Ginger (Zingiber officinale Roscoe) is a herbaceous plant that is commonly used as a spice around the globe (Gao et al., 2022). Zingerone (4- (4-hydroxy-3-methoxyphenyl)-2-butanone), a major phytochemical compound in ginger extract (9.25%), has been reported to exhibit antioxidant, anti-inflammatory, anti-atherosclerotic and anti-cancer activities (Amin et al., 2021; Elshopakey et al., 2022; Rashid et al., 2021; Wali et al., 2020). However, due to its susceptibility to oxygen, light, and high temperatures, zingerone is prone to degradation, which could impair its bioactivity and limit its use as a bioactive ingredient in food products (Su et al., 2019). As a result, encapsulating zingerone through peptide self-assembly can be a feasible strategy. It has been shown that the interaction between proteins and polyphenols can somewhat exert an impact on the biological function of polyphenols (Fu, Liu, & Soladoye, 2021). Even though several existing studies have mainly emphasized the interaction between proteins and polyphenols (Ma & Zhao, 2019), there is a dearth of studies focusing on protein hydrolysates/peptides.

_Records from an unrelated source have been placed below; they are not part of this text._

(* Let $(\mathcal{X},d)$ be a Polish space and $\mu$ a Borel probability measure on $\mathcal{X}$. For $a>0$ define $F_a(\nu)=\sqrt{aH(\nu|\mu)}-W_2(\nu,\mu)$ for $\nu\in\mathcal{P}_\mu(\mathcal{X})$, and let $\mathrm{Argmin}(F_a)$ denote the (possibly empty) set of $\underline{\nu}\in\mathcal{P}_\mu(\mathcal{X})$ such that $F_a(\underline{\nu})=\inf_{\nu\in\mathcal{P}_\mu(\mathcal{X})}F_a(\nu)$. Then: (1) $F_a$ is bounded from below on $\mathcal{P}_\mu(\mathcal{X})$ as soon as $\iint e^{d^2(x,y)/a}\,\mu(dx)\mu(dy)<\infty$. (2) $\mu$ satisfies $\mathbf{T}_2(a)$ if and only if $\mu\in\mathrm{Argmin}(F_a)$. (3) $\mu$ satisfies $\mathbf{T}_2(a)$ if and only if $\mathrm{Argmin}(F_{a'})=\{\mu\}$ for all $a'>a$.
   Context: $\mathcal{P}(\mathcal{X})$ is the set of Borel probability measures on $\mathcal{X}$. The relative entropy is $H(\nu|\mu)=\int\log(d\nu/d\mu)\,d\nu$ if $\nu\ll\mu$ and $+\infty$ otherwise; $\mathcal{P}_\mu(\mathcal{X})=\{\nu\in\mathcal{P}(\mathcal{X}):H(\nu|\mu)<\infty\}$. $W_2^2(\nu,\mu)=\inf_\pi\iint d^2(x,y)\,\pi(dxdy)\in[0,\infty]$, the infimum over all couplings $\pi$ of $\nu$ and $\mu$. A probability $\mu$ satisfies $\mathbf{T}_2(C)$ ($C>0$) if $W_2(\nu,\mu)\le\sqrt{C\,H(\nu|\mu)}$ for every $\nu\in\mathcal{P}(\mathcal{X})$. *)

theory Defs
  imports "HOL-Probability.Probability"
begin
(* Every floor-randomized, left-continuous mechanism satisfying strict DD is undominated.
   Context: Setting. Let $\Theta=[\underline\theta,\overline\theta]$ with $0<\underline\theta<\overline\theta$. Let $c>0$ and let $P:\mathbb R_+\to\mathbb R_+$ be continuous and strictly decreasing with $P(\overline q)=0$ for some $\overline q>0$. Put $V(q)=\int_0^q P(z)\,dz$ and $\mathrm{TS}(\theta,q)=V(q)-c-\theta q$ for $q>0$, $\mathrm{TS}(\theta,0)=0$. Assume (A2): $\mathrm{TS}(\overline\theta,P^{-1}(\overline\theta))>0$. A mechanism is a triple $M=(r,q,u)$ of functions $r:\Theta\to[0,1]$, $q:\Theta\to[0,\overline q]$, $u:\Theta\to\mathbb R$ with $q(\theta)=0$ if and only if $r(\theta)=0$. It is IC if $u(\theta)\ge u(\theta')+(\theta'-\theta)q(\theta')r(\theta')$ for all $\theta,\theta'\in\Theta$, and IR if $u(\theta)\ge 0$ for all $\theta$. (Known fact: $M$ is IC iff $\theta\mapsto q(\theta)r(\theta)$ is nonincreasing and $u(\theta)=u(\overline\theta)+\int_\theta^{\overline\theta}q(z)r(z)\,dz$ for all $\theta$; an IC mechanism is IR iff $u(\overline\theta)\ge0$.) Fix $\alpha\in[0,1)$. The regulator's surplus at $\theta$ is $\mathrm{RS}_\alpha(\theta,M)=r(\theta)\,\mathrm{TS}(\theta,q(\theta))-(1-\alpha)u(\theta)$. An IC and IR mechanism $\tilde M$ dominates an IC and IR mechanism $M$ if $\mathrm{RS}_\alpha(\theta,\tilde M)\ge \mathrm{RS}_\alpha(\theta,M)$ for all $\theta\in\Theta$ with strict inequality for some $\theta$; $M$ is undominated if it is IC, IR and not dominated by any IC and IR mechanism. The quantity floor $\hat q$ is the unique $q>0$ with $V(q)-qP(q)=c$. A mechanism $(r,q,u)$ is floor-randomized if it is IC, IR, $u(\overline\theta)=0$, and $\Theta$ can be partitioned into three pairwise disjoint (possibly empty) intervals $\Theta_1,\Theta_{01},\Theta_0$, with every element of $\Theta_0$ larger than every element of $\Theta_{01}$ and every element of $\Theta_{01}$ larger than every element of $\Theta_1$, such that: $q(\theta)\ge\hat q$ and $r(\theta)=1$ for $\theta\in\Theta_1$; $q(\theta)=\hat q$ and $r(\theta)\in(0,1)$ for $\theta\in\Theta_{01}$; $q(\theta)=r(\theta)=0$ for $\theta\in\Theta_0$. The efficient quantity is $q_e(\theta)=P^{-1}(\theta)$. A mechanism satisfies downward distortion (DD) if $q(\theta)\le q_e(\theta)$ for all $\theta$, with equality at $\theta=\underline\theta$; it satisfies strict DD if moreover $q(\theta)<q_e(\theta)$ for every $\theta>\underline\theta$. A mechanism is left continuous if $\theta\mapsto q(\theta)r(\theta)$ is left continuous at every $\theta\in(\underline\theta,\overline\theta]$. *)

theory Defs
  imports "HOL-Analysis.Analysis"
begin
theorem mainTheorem4:
  fixes N :: nat and mu m T r alpha :: real
    and d eta lam lamhat :: "nat \<Rightarrow> real" and C :: "real mat"
  assumes "N \<ge> 1" and "mu > 0" and "0 < m" and "m \<le> 1"
    and "T > 0" and "r > 0" and "alpha \<ge> 2"
    and "\<forall>i<N. d i > 0" and "\<forall>i<N. eta i > 0"
    and "\<forall>i<N. lam (2*i) = d i powr (-alpha) / (mu * (1 + 1 / eta i))"
    and "\<forall>i<N. lam (2*i+1) = d i powr (-alpha) / (mu * (1 + eta i))"
    and "C \<in> carrier_mat (2*N) (2*N)" and "sym_pos_def C"
    and "\<forall>i<2*N. C $$ (i,i) = 1"
    and "char_poly (mat_diag (2*N) lam * C) = (\<Prod>i<2*N. [:- lamhat i, 1:])"
  shows "coverage N mu m (T * r powr alpha) lamhat \<ge> coverage N mu m (T * r powr alpha) lam"
proof -
  have lam: "\<forall>i<2*N. 0 < lam i"
    using interference_weights_pos[OF assms(2,8-11)] by blast
  have shifted: "0 < (\<Prod>i<2*N. s + lamhat i) \<and> (\<Prod>i<2*N. s + lamhat i) \<le> (\<Prod>i<2*N. s + lam i)"
    if "s \<ge> 0" for s
    using prod_shifted_eigenvalues_le[OF assms(12-14) lam assms(15) that] .
  have "\<forall>i<2*N. 0 < lam i \<and> 0 < lamhat i"
    using lam prod_shift_pos_imp_pos[where n="2*N" and l=lamhat] shifted by blast
  thus ?thesis
    using shifted assms(2-6) by (intro coverage_mono) simp_all
qed

end
(* Let $f_A,f_R,F,d_a,d_e$ be as in the context, with $\chi=1$. There exists at most one radius $\bar R\in(0,\frac{d_e}{2}]$ such that the ring state $\delta_{(\bar R,0)}$ of radius $\bar R$ is a nontrivial equilibrium state of the mean-field equation $\partial_t\rho+\nabla\cdot[\rho\,(F(\cdot,T)\ast\rho)]=0$. If moreover $$\int_0^{\pi}(f_A+f_R)\Big(\tfrac{d_e}{2}\sqrt{(1-\cos\phi)^2+\sin^2\phi}\Big)(1-\cos\phi)\,d\phi<0,$$ then there exists a unique $\bar R\in(\frac{d_a}{2},\frac{d_e}{2}]$ such that $\delta_{(\bar R,0)}$ is a nontrivial equilibrium state.
   Context: Let $f_R, f_A:[0,\infty)\to\mathbb{R}$ be smooth integrable functions with $f_R\ge 0$ and $f_A\le 0$, such that there is $d_a>0$ with $(f_A+f_R)(\rho)\le 0$ for $\rho>d_a$ and $(f_A+f_R)(\rho)>0$ for $0\le\rho<d_a$. For $\chi\in[0,1]$, $s=(0,1)$, $l=(1,0)$, let $T=\chi\, s\otimes s + l\otimes l$ and $F(d,T) = f_A(|d|)\,T d + f_R(|d|)\,d$ for $d\in\mathbb{R}^2$; assume $F$ is $C^1$ with bounded total derivatives. Assume there is $d_e>d_a$ such that $\chi f_A+f_R$ is strictly decreasing on $[0,d_e]$ for all $\chi\in[0,1]$. A Borel probability measure $\mu$ on $\mathbb{R}^2$ is an equilibrium state if $K(x):=\int_{\mathbb{R}^2}F(x-y,T)\,d\mu(y)$ satisfies $K\in L^1_{loc}(d\mu)$ and $K=0$ on $\mathrm{supp}(\mu)$ $\mu$-a.e. For $R>0$ the ring state $\delta_{(R,0)}$ is the uniform probability measure on the circle $\{(R\cos\phi,R\sin\phi)\}$. *)

theory Defs
  imports "HOL-Probability.Probability"
begin

definition smooth_on_real :: "real set \<Rightarrow> (real \<Rightarrow> real) \<Rightarrow> bool" where
  "smooth_on_real S f \<longleftrightarrow>
     (\<exists>D :: nat \<Rightarrow> real \<Rightarrow> real. D 0 = f \<and>
        (\<forall>n. \<forall>x\<in>S. (D n has_real_derivative D (Suc n) x) (at x within S)))"

text \<open>T = chi s(x)s + l(x)l with s = (0,1), l = (1,0); applied to d = (d1,d2) gives (d1, chi d2).\<close>
definition Tmat :: "real \<Rightarrow> real \<times> real \<Rightarrow> real \<times> real" where
  "Tmat chi d = (fst d, chi * snd d)"

definition Fint :: "(real \<Rightarrow> real) \<Rightarrow> (real \<Rightarrow> real) \<Rightarrow> real \<Rightarrow> real \<times> real \<Rightarrow> real \<times> real" where
  "Fint fA fR chi d = fA (norm d) *\<^sub>R Tmat chi d + fR (norm d) *\<^sub>R d"

definition msupp :: "(real \<times> real) measure \<Rightarrow> (real \<times> real) set" where
  "msupp \<mu> = {x. \<forall>e>0. emeasure \<mu> (ball x e) > 0}"

definition Kfield :: "(real \<times> real \<Rightarrow> real \<times> real) \<Rightarrow> (real \<times> real) measure \<Rightarrow> real \<times> real \<Rightarrow> real \<times> real" where
  "Kfield G \<mu> x = (\<integral>y. G (x - y) \<partial>\<mu>)"

text \<open>Equilibrium state for the interaction kernel G (= F(., T)).\<close>
definition equilibrium_state :: "(real \<times> real \<Rightarrow> real \<times> real) \<Rightarrow> (real \<times> real) measure \<Rightarrow> bool" where
  "equilibrium_state G \<mu> \<longleftrightarrow>
     prob_space \<mu> \<and> sets \<mu> = sets borel \<and>
     (\<forall>x. integrable \<mu> (\<lambda>y. G (x - y))) \<and>
     (\<forall>C. compact C \<longrightarrow> set_integrable \<mu> C (Kfield G \<mu>)) \<and>
     (AE x in \<mu>. x \<in> msupp \<mu> \<longrightarrow> Kfield G \<mu> x = 0)"

definition ring_state :: "real \<Rightarrow> (real \<times> real) measure" where
  "ring_state R = distr (uniform_measure lborel {0..2*pi}) borel (\<lambda>\<phi>. (R * cos \<phi>, R * sin \<phi>))"

end

theory Submission
  imports Defs
begin

text \<open>For \<open>\<chi> = 1\<close> the kernel is radial, \<open>F(d) = g(|d|) d\<close> with \<open>g = f\<^sub>A + f\<^sub>R\<close>.
  On the ring of radius \<open>R\<close> the distance between the points at angles \<open>\<theta>\<close> and \<open>\<theta> + \<phi>\<close> is
  \<open>R \<cdot> chord \<phi>\<close>, so by rotation invariance the field at a point of the ring is a fixed integral over
  \<open>\<phi>\<close>; the reflection \<open>\<phi> \<mapsto> 2\<pi> - \<phi>\<close> kills its tangential part, and its normal part is
  \<open>R/\<pi>\<close> times the balance \<open>J(R) = \<integral>\<^sub>0\<^sup>\<pi> g(R chord \<phi>) (1 - cos \<phi>) d\<phi>\<close>. Hence the ring state is an
  equilibrium iff \<open>J(R) = 0\<close>. For \<open>2R \<le> d\<^sub>e\<close> every chord length lies in \<open>[0, d\<^sub>e]\<close>, where \<open>g\<close>
  strictly decreases, so \<open>J\<close> strictly decreases in \<open>R\<close> and has at most one zero. Since \<open>g > 0\<close>
  on \<open>[0, d\<^sub>a)\<close> we get \<open>J(d\<^sub>a/2) > 0\<close>, and the extra hypothesis says \<open>J(d\<^sub>e/2) < 0\<close>; the
  intermediate value theorem gives the zero.\<close>

lemma integral_shift_periodic:
  fixes f :: "real \<Rightarrow> 'a::banach"
  assumes cont: "continuous_on UNIV f" and per: "\<And>x. f (x + T) = f x"
    and c: "0 \<le> c" "c \<le> T"
  shows "integral {0..T} (\<lambda>x. f (x + c)) = integral {0..T} f"
proof -
  have int: "f integrable_on {a..b}" for a b
    using cont by (meson continuous_on_subset integrable_continuous_real subset_UNIV)
  have "integral {0..T} (\<lambda>x. f (x + c)) = integral {c..T + c} f"
    using integral_shift_real_ivl[of c c "T + c" f] by simp
  also have "\<dots> = integral {c..T} f + integral {T..T + c} f"
    using Henstock_Kurzweil_Integration.integral_combine[of c T "T + c" f] int c by simp
  also have "integral {T..T + c} f = integral {0..c} f"
    using integral_shift_real_ivl[of T T "T + c" f] by (simp add: per)
  also have "integral {c..T} f + integral {0..c} f = integral {0..T} f"
    using Henstock_Kurzweil_Integration.integral_combine[of 0 c T f] int c by (simp add: add.commute)
  finally show ?thesis .
qed
lemma matching_graph_construction:
  fixes m :: nat
  assumes "m \<ge> 10"
  shows "\<exists>E. bip_graph {0..<7 * m} {7 * m..<14 * m} E \<and> odd (card E) \<and>
    max_degree_le {0..<7 * m} {7 * m..<14 * m} E 102 \<and>
    (\<forall>A1' B1'. A1' \<subseteq> {0..<2 * m} \<and> B1' \<subseteq> {7 * m..<9 * m} \<and> card A1' = card B1' \<longrightarrow>
       (\<exists>M. perfect_matching_between E (A1' \<union> {2 * m..<7 * m}) (B1' \<union> {9 * m..<14 * m}) M))"
proof -
  obtain lf lg where lf: "length lf = 32" "set lf \<subseteq> slot_injections m" "expanding m lf"
    and lg: "length lg = 32" "set lg \<subseteq> slot_injections m" "expanding m lg"
    using exists_expanding_lists[of m] assms by auto
  let ?U = "{0..<7 * m} \<times> {7 * m..<14 * m}"
  let ?E0 = "matching_graph m lf lg"
  have "card ?E0 \<le> 448 * m"
    using card_matching_graph_le[of m lf lg] lf(1) lg(1) by simp
  also have "\<dots> < 49 * m * m"
    using assms mult_le_mono1[of 10 m "49 * m"] by simp
  also have "\<dots> = card ?U" by (simp add: card_cartesian_product)
  finally have "card ?E0 < card ?U" .
  then have "?E0 \<noteq> ?U" by (metis less_irrefl)
  moreover have "finite ?U" by simp
  ultimately obtain e E where E: "?E0 \<subseteq> E" "E \<subseteq> insert e ?E0" "E \<subseteq> ?U" "odd (card E)"
    using exists_odd_extension[OF \<open>finite ?U\<close> matching_graph_subset[OF lf(2) lg(2)]] by blast
  have "bdegree E v \<le> 102" for v
  proof -
    have "bdegree E v \<le> bdegree (insert e ?E0) v"
      using E(2) finite_matching_graph by (intro bdegree_mono) auto
    also have "\<dots> \<le> Suc (bdegree ?E0 v)"
      by (rule bdegree_insert_le[OF finite_matching_graph])
    also have "bdegree ?E0 v \<le> 3 * 32"
      by (rule bdegree_matching_graph_le[OF lf(2) lg(2) lf(1) lg(1)])
    finally show ?thesis by simp
  qed
  moreover have "\<exists>M. perfect_matching_between E (A1' \<union> {2 * m..<7 * m}) (B1' \<union> {9 * m..<14 * m}) M"
    if "A1' \<subseteq> {0..<2 * m}" "B1' \<subseteq> {7 * m..<9 * m}" "card A1' = card B1'" for A1' B1'
    by (rule perfect_matching_in_supergraph[OF lf(3,2) lg(3,2) E(1) that])
  ultimately show ?thesis
    using E(3,4) unfolding bip_graph_def max_degree_le_def by (intro exI[of _ E]) auto
qed

theorem mainTheorem7:
  shows "\<exists>m0::nat. \<forall>m\<ge>m0. \<exists>(A1::nat set) A2 B1 B2 (E::(nat \<times> nat) set).
     A1 \<inter> A2 = {} \<and> A1 \<inter> B1 = {} \<and> A1 \<inter> B2 = {} \<and>
     A2 \<inter> B1 = {} \<and> A2 \<inter> B2 = {} \<and> B1 \<inter> B2 = {} \<and>
     finite A1 \<and> finite A2 \<and> finite B1 \<and> finite B2 \<and>
     card A1 = 2 * m \<and> card B1 = 2 * m \<and> card A2 = 5 * m \<and> card B2 = 5 * m \<and>
     bip_graph (A1 \<union> A2) (B1 \<union> B2) E \<and>
     odd (card E) \<and>
     max_degree_le (A1 \<union> A2) (B1 \<union> B2) E 102 \<and>
     (\<forall>A1' B1'. A1' \<subseteq> A1 \<and> B1' \<subseteq> B1 \<and> card A1' = card B1' \<and> card A1' \<ge> m \<longrightarrow>
        (\<exists>M. perfect_matching_between E (A1' \<union> A2) (B1' \<union> B2) M))"
proof (intro exI[of _ 10] allI impI, goal_cases)
  case (1 m)
  then obtain E where E: "bip_graph {0..<7 * m} {7 * m..<14 * m} E" "odd (card E)"
    "max_degree_le {0..<7 * m} {7 * m..<14 * m} E 102"
    "\<forall>A1' B1'. A1' \<subseteq> {0..<2 * m} \<and> B1' \<subseteq> {7 * m..<9 * m} \<and> card A1' = card B1' \<longrightarrow>
       (\<exists>M. perfect_matching_between E (A1' \<union> {2 * m..<7 * m}) (B1' \<union> {9 * m..<14 * m}) M)"
    using matching_graph_construction by blast
  have parts: "{0..<2 * m} \<union> {2 * m..<7 * m} = {0..<7 * m}"
    "{7 * m..<9 * m} \<union> {9 * m..<14 * m} = {7 * m..<14 * m}"
    by auto
  show ?case
    by (intro exI[of _ "{0..<2 * m}"] exI[of _ "{2 * m..<7 * m}"] exI[of _ "{7 * m..<9 * m}"]
        exI[of _ "{9 * m..<14 * m}"] exI[of _ E] conjI) (simp_all add: parts E)
qed

end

During fish processing, a large amount of fish co-products (e.g. viscera, head, skin and bones, etc) can be generated, which are abundant in protein (Luo, Yao, Soladoye, Zhang, & Fu, 2021). Fish viscera possess high contents of proteins and lipids, so high-efficiency utilization of fish viscera can be economically and environmentally beneficial to fish processing industry (Villamil, Váquiro, & Solanilla, 2017). Enzymatic hydrolysis is a feasible strategy for the conversion of protein into soluble peptides. Such peptides can be used for encapsulation of certain bioactive compounds and improve their stability as well as bioavailability. Moreover, it would be valuable to understand the interaction between fish viscera-derived peptides and zingerone for the subsequent bioactivity. Therefore, the aims of the current study were to encapsulate zingerone by self-assembling peptides from fish viscera and explore the interaction between peptides and zingerone. In addition, the in vitro release and antiproliferative effect of peptide-zingerone complex on human intestinal Caco-2 epithelial cells was investigated.

2. Materials and methods

2.1. Materials

The fish viscera powder from grass carp (protein content, 27.5%) was kindly donated from Haohu Fishery Co., Ltd. (Chongqing, China). Alcalase and Tris, Dulbecco's Modified Eagle Medium (DMEM), fetal bovine serum (FBS) and 3-(4,5-Dimethylthiazol-2-yl)-2,5-diphenyltetrazolium bromide (MTT) were obtained from Beijing Solario Science and Technology Co., Ltd. (Beijing, China). Zingerone (purity≥98%), 1-anilino-8-naphthalene sulfonic acid (ANS) and o-phthaldialdehyde (OPA) were purchased from Aladdin Biochemical Technology Co., Ltd. (Shanghai, China). Hydrochloric acid and sodium hydroxide were bought from Chron Chemicals Co., Ltd. (Chengdu, China). Anhydrous ethanol was purchased from Chongqing Chuandong Chemical Co., Ltd. (Chongqing, China). The other reagents used in this study were of analytical grade.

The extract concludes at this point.